Il n’existe pourtant aucune preuve tangible de cela.
Un discours présent depuis plusieurs mois
Le politique d’extrême droite, Florian Philippot, avait publié, en avril 2025, une vidéo nommée « ‘L’armée envoie balader Macron !’ : refus incroyable sur l’Ukraine ! » qui reprenait son discours lors « d’une manifestation pour la paix » que son parti, Les Patriotes, avait lui-même organisée le samedi 29 mars 2025.

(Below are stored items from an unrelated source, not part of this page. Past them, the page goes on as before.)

lemma eval_dia_tr_d:
  assumes "is_drule ps ar (Pos, Ng, G)"
  shows "eval Fi (case_sum I U) \<sigma> (dia (Orig ` set ps \<union> Hat ` set ps) (tr_d (Pos, Ng, G))) \<longleftrightarrow>
    (\<forall>\<sigma>'. eval Fi (I \<circ> Orig) \<sigma>' G \<longrightarrow>
      (\<forall>a\<in>set Pos. atm_holds Fi (I \<circ> Hat) \<sigma>' a \<longrightarrow> atm_holds Fi (U \<circ> Hat) \<sigma>' a) \<longrightarrow>
      (\<forall>a\<in>set Ng. atm_holds Fi (I \<circ> Orig) \<sigma>' a \<longrightarrow> atm_holds Fi (U \<circ> Orig) \<sigma>' a) \<longrightarrow>
      (\<exists>a\<in>set Pos. atm_holds Fi (U \<circ> Orig) \<sigma>' a) \<or> (\<exists>a\<in>set Ng. atm_holds Fi (U \<circ> Hat) \<sigma>' a))"
proof -
  have "case_sum I U \<circ> Inl = I" by auto
  moreover have "fst a \<in> set ps" if "a \<in> set Pos \<union> set Ng" for a
    using assms that by (auto simp: is_drule_def)
  ultimately show ?thesis
    by (simp add: tr_d_def dia_ucl dia_conjs dia_disjs eval_ucl eval_conjs eval_disjs eval_rename_pred
        hatm_def oatm_def atm_holds_def ball_Un bex_Un comp_assoc[symmetric] cong: rev_conj_cong)
      blast
qed

lemma eval_tr_d_if_drule_dag:
  assumes "is_drule ps ar r"
    and compl: "\<forall>p\<in>set ps. \<forall>xs. length xs = ar p \<longrightarrow> (I (Hat p) xs \<longleftrightarrow> \<not> I (Orig p) xs)"
    and "drule_dag Fi (I \<circ> Orig) (I \<circ> Orig) r"
  shows "eval Fi I \<sigma> (tr_d r)"
proof -
  obtain Pos Ng G where r: "r = (Pos, Ng, G)" by (cases r)
  have "atm_holds Fi (I \<circ> Hat) \<sigma>' a \<longleftrightarrow> \<not> atm_holds Fi (I \<circ> Orig) \<sigma>' a" if "a \<in> set Ng" for \<sigma>' a
    using assms(1) compl that by (auto simp: r is_drule_def atm_holds_def)
  then have "eval Fi (case_sum I I) \<sigma> (dia (Orig ` set ps \<union> Hat ` set ps) (tr_d r))"
    using assms(1,3) by (simp add: r eval_dia_tr_d drule_dag_def)
  then show ?thesis by (simp add: eval_dia_case_sum_same)
qed

text \<open>Folds a pair \<open>(u, u^) \<le> (p, p^)\<close> into a single candidate for \<open>u\<close> in \<open>T\<^sup>\<dagger>\<close>; under
  the completeness constraints it equals \<open>p\<close> only if \<open>(u, u^) = (p, p^)\<close>.\<close>
definition fold_hat :: "('p hsym \<Rightarrow> 'a list \<Rightarrow> bool) \<Rightarrow> ('p hsym \<Rightarrow> 'a list \<Rightarrow> bool) \<Rightarrow> 'p \<Rightarrow> 'a list \<Rightarrow> bool"
  where "fold_hat I U p xs \<longleftrightarrow> U (Orig p) xs \<or> \<not> I (Orig p) xs \<and> \<not> U (Hat p) xs"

Il y assure que l’armée souffre de nombreuses démissions et de difficultés de recrutement. Selon lui, c’est là le « signe évident d’une colère sourde dans nos armées, car personne n’ira mourir pour cette guerre qui n’est pas la nôtre ». Si le constat de base concernant les démissions est correct, l’idée selon laquelle elles sont liées à un refus d’un potentiel engagement en Ukraine est infondée.
D’après un rapport de l’Assemblée nationale de mars 2025, le nombre de désertions dans l’armée de terre a significativement augmenté à partir de 2022 (893 en 2021, 1 418 en 2022 et 1 188 en 2023). Sauf que, contrairement à la conclusion de Florian Philippot, l’identification des causes est compliquée « au vu du volume relativement réduit des occurrences par rapport aux effectifs gérés ainsi que de la singularité des cas », rapportent les parlementaires.
Selon les rapporteurs, plusieurs facteurs peuvent expliquer cette hausse : « la pleine sortie de la crise de la Covid-19, avec un effet de rattrapage de départs retardés pendant la crise » ainsi qu’une « période de plein-emploi qui se caractérise par une hausse générale des départs, dont ceux pour radiation disciplinaire et réforme ». La guerre en Ukraine est citée parmi l’un des facteurs mais simplement pour son impact sur la Légion étrangère : « Environ 85 légionnaires d’origine ukrainienne ont déserté pour retourner combattre dans leur pays, soit 20 % de l’accroissement constaté ».
Il n’existe donc aucune preuve que l’armée française n’a refusé un ordre direct d’Emmanuel Macron, ni une première fois ni une seconde fois, qui plus est sur l’envoi de troupes en Ukraine.